**EXERCISE PROMPT:**
Each entry in the block below needs to be copied out exactly.

* * * *

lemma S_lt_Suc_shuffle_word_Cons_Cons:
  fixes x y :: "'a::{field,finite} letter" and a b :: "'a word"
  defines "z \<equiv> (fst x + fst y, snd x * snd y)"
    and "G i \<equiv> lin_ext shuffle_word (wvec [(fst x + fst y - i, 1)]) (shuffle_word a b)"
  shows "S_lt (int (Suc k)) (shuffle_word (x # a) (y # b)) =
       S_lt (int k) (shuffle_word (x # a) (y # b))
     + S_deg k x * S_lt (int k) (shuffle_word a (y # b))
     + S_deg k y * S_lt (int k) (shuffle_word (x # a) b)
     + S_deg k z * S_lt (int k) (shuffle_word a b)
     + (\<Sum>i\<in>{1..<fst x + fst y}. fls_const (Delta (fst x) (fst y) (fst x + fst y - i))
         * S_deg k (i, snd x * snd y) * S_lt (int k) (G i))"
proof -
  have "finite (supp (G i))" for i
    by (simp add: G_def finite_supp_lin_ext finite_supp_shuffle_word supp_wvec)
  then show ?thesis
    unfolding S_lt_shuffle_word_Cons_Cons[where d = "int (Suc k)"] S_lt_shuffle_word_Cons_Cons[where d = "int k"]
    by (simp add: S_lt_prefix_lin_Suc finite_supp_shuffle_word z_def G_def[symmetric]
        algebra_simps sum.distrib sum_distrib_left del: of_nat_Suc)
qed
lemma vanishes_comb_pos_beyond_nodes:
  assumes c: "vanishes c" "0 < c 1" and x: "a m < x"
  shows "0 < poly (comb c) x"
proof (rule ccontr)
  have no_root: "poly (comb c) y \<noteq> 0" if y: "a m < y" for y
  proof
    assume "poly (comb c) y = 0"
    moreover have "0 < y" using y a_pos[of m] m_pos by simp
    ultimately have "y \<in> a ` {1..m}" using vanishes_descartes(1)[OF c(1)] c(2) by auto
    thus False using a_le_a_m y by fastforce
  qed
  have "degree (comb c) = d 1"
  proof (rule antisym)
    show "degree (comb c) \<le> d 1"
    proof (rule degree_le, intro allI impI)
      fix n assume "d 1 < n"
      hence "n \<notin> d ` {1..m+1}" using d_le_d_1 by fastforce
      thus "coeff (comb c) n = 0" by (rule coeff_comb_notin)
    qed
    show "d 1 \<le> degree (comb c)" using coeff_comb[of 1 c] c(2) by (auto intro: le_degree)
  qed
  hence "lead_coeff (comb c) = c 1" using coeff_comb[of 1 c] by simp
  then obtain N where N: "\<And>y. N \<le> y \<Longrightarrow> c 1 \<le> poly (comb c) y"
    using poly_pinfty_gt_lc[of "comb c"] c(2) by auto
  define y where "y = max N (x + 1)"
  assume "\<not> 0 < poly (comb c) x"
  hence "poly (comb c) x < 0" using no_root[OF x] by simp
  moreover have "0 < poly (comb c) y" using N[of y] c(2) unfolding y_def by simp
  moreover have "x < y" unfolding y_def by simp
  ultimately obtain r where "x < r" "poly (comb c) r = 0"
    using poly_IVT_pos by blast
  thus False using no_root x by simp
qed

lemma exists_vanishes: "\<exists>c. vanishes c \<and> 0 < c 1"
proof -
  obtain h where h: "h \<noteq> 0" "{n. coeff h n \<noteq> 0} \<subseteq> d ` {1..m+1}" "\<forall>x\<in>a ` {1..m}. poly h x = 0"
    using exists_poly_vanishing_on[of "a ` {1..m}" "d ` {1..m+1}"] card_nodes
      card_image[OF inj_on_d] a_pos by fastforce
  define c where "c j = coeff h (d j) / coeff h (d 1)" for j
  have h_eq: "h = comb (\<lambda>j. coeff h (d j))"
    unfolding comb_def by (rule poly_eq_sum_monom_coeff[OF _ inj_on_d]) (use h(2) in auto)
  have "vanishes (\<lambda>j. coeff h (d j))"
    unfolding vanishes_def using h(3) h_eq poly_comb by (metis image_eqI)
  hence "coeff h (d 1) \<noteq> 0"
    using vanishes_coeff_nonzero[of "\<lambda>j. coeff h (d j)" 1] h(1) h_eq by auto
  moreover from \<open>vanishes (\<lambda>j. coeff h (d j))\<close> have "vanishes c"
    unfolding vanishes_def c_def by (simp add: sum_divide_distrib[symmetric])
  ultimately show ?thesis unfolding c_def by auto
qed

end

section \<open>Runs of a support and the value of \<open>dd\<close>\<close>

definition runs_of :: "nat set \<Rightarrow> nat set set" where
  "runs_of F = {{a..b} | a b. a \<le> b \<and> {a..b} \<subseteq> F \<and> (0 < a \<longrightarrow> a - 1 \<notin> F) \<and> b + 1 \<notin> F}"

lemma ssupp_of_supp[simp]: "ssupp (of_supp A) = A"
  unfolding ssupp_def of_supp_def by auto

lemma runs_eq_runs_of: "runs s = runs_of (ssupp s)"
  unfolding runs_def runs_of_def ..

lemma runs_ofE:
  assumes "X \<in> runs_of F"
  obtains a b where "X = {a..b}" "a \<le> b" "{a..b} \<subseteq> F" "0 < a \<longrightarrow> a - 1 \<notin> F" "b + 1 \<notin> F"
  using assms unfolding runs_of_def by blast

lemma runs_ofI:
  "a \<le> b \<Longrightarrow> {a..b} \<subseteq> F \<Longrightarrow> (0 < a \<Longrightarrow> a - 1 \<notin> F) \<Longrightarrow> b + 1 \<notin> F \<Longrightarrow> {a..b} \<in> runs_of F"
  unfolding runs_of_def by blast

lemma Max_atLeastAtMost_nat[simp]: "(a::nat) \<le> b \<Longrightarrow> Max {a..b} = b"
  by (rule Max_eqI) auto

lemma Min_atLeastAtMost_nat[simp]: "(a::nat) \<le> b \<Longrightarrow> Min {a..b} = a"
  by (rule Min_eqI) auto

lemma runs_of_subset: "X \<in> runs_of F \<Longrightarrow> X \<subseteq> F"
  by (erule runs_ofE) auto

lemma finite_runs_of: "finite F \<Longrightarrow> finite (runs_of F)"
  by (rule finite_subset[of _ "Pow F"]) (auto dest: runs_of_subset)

* * * *

**RESULT BELOW:**
lemma S_lt_Suc_shuffle_word_Cons_Cons:
  fixes x y :: "'a::{field,finite} letter" and a b :: "'a word"
  defines "z \<equiv> (fst x + fst y, snd x * snd y)"
    and "G i \<equiv> lin_ext shuffle_word (wvec [(fst x + fst y - i, 1)]) (shuffle_word a b)"
  shows "S_lt (int (Suc k)) (shuffle_word (x # a) (y # b)) =
       S_lt (int k) (shuffle_word (x # a) (y # b))
     + S_deg k x * S_lt (int k) (shuffle_word a (y # b))
     + S_deg k y * S_lt (int k) (shuffle_word (x # a) b)
     + S_deg k z * S_lt (int k) (shuffle_word a b)
     + (\<Sum>i\<in>{1..<fst x + fst y}. fls_const (Delta (fst x) (fst y) (fst x + fst y - i))
         * S_deg k (i, snd x * snd y) * S_lt (int k) (G i))"
proof -
  have "finite (supp (G i))" for i
    by (simp add: G_def finite_supp_lin_ext finite_supp_shuffle_word supp_wvec)
  then show ?thesis
    unfolding S_lt_shuffle_word_Cons_Cons[where d = "int (Suc k)"] S_lt_shuffle_word_Cons_Cons[where d = "int k"]
    by (simp add: S_lt_prefix_lin_Suc finite_supp_shuffle_word z_def G_def[symmetric]
        algebra_simps sum.distrib sum_distrib_left del: of_nat_Suc)
qed
lemma vanishes_comb_pos_beyond_nodes:
  assumes c: "vanishes c" "0 < c 1" and x: "a m < x"
  shows "0 < poly (comb c) x"
proof (rule ccontr)
  have no_root: "poly (comb c) y \<noteq> 0" if y: "a m < y" for y
  proof
    assume "poly (comb c) y = 0"
    moreover have "0 < y" using y a_pos[of m] m_pos by simp
    ultimately have "y \<in> a ` {1..m}" using vanishes_descartes(1)[OF c(1)] c(2) by auto
    thus False using a_le_a_m y by fastforce
  qed
  have "degree (comb c) = d 1"
  proof (rule antisym)
    show "degree (comb c) \<le> d 1"
    proof (rule degree_le, intro allI impI)
      fix n assume "d 1 < n"
      hence "n \<notin> d ` {1..m+1}" using d_le_d_1 by fastforce
      thus "coeff (comb c) n = 0" by (rule coeff_comb_notin)
    qed
    show "d 1 \<le> degree (comb c)" using coeff_comb[of 1 c] c(2) by (auto intro: le_degree)
  qed
  hence "lead_coeff (comb c) = c 1" using coeff_comb[of 1 c] by simp
  then obtain N where N: "\<And>y. N \<le> y \<Longrightarrow> c 1 \<le> poly (comb c) y"
    using poly_pinfty_gt_lc[of "comb c"] c(2) by auto
  define y where "y = max N (x + 1)"
  assume "\<not> 0 < poly (comb c) x"
  hence "poly (comb c) x < 0" using no_root[OF x] by simp
  moreover have "0 < poly (comb c) y" using N[of y] c(2) unfolding y_def by simp
  moreover have "x < y" unfolding y_def by simp
  ultimately obtain r where "x < r" "poly (comb c) r = 0"
    using poly_IVT_pos by blast
  thus False using no_root x by simp
qed

lemma exists_vanishes: "\<exists>c. vanishes c \<and> 0 < c 1"
proof -
  obtain h where h: "h \<noteq> 0" "{n. coeff h n \<noteq> 0} \<subseteq> d ` {1..m+1}" "\<forall>x\<in>a ` {1..m}. poly h x = 0"
    using exists_poly_vanishing_on[of "a ` {1..m}" "d ` {1..m+1}"] card_nodes
      card_image[OF inj_on_d] a_pos by fastforce
  define c where "c j = coeff h (d j) / coeff h (d 1)" for j
  have h_eq: "h = comb (\<lambda>j. coeff h (d j))"
    unfolding comb_def by (rule poly_eq_sum_monom_coeff[OF _ inj_on_d]) (use h(2) in auto)
  have "vanishes (\<lambda>j. coeff h (d j))"
    unfolding vanishes_def using h(3) h_eq poly_comb by (metis image_eqI)
  hence "coeff h (d 1) \<noteq> 0"
    using vanishes_coeff_nonzero[of "\<lambda>j. coeff h (d j)" 1] h(1) h_eq by auto
  moreover from \<open>vanishes (\<lambda>j. coeff h (d j))\<close> have "vanishes c"
    unfolding vanishes_def c_def by (simp add: sum_divide_distrib[symmetric])
  ultimately show ?thesis unfolding c_def by auto
qed

end

section \<open>Runs of a support and the value of \<open>dd\<close>\<close>

definition runs_of :: "nat set \<Rightarrow> nat set set" where
  "runs_of F = {{a..b} | a b. a \<le> b \<and> {a..b} \<subseteq> F \<and> (0 < a \<longrightarrow> a - 1 \<notin> F) \<and> b + 1 \<notin> F}"

lemma ssupp_of_supp[simp]: "ssupp (of_supp A) = A"
  unfolding ssupp_def of_supp_def by auto

lemma runs_eq_runs_of: "runs s = runs_of (ssupp s)"
  unfolding runs_def runs_of_def ..

lemma runs_ofE:
  assumes "X \<in> runs_of F"
  obtains a b where "X = {a..b}" "a \<le> b" "{a..b} \<subseteq> F" "0 < a \<longrightarrow> a - 1 \<notin> F" "b + 1 \<notin> F"
  using assms unfolding runs_of_def by blast

lemma runs_ofI:
  "a \<le> b \<Longrightarrow> {a..b} \<subseteq> F \<Longrightarrow> (0 < a \<Longrightarrow> a - 1 \<notin> F) \<Longrightarrow> b + 1 \<notin> F \<Longrightarrow> {a..b} \<in> runs_of F"
  unfolding runs_of_def by blast

lemma Max_atLeastAtMost_nat[simp]: "(a::nat) \<le> b \<Longrightarrow> Max {a..b} = b"
  by (rule Max_eqI) auto

lemma Min_atLeastAtMost_nat[simp]: "(a::nat) \<le> b \<Longrightarrow> Min {a..b} = a"
  by (rule Min_eqI) auto

lemma runs_of_subset: "X \<in> runs_of F \<Longrightarrow> X \<subseteq> F"
  by (erule runs_ofE) auto

lemma finite_runs_of: "finite F \<Longrightarrow> finite (runs_of F)"
  by (rule finite_subset[of _ "Pow F"]) (auto dest: runs_of_subset)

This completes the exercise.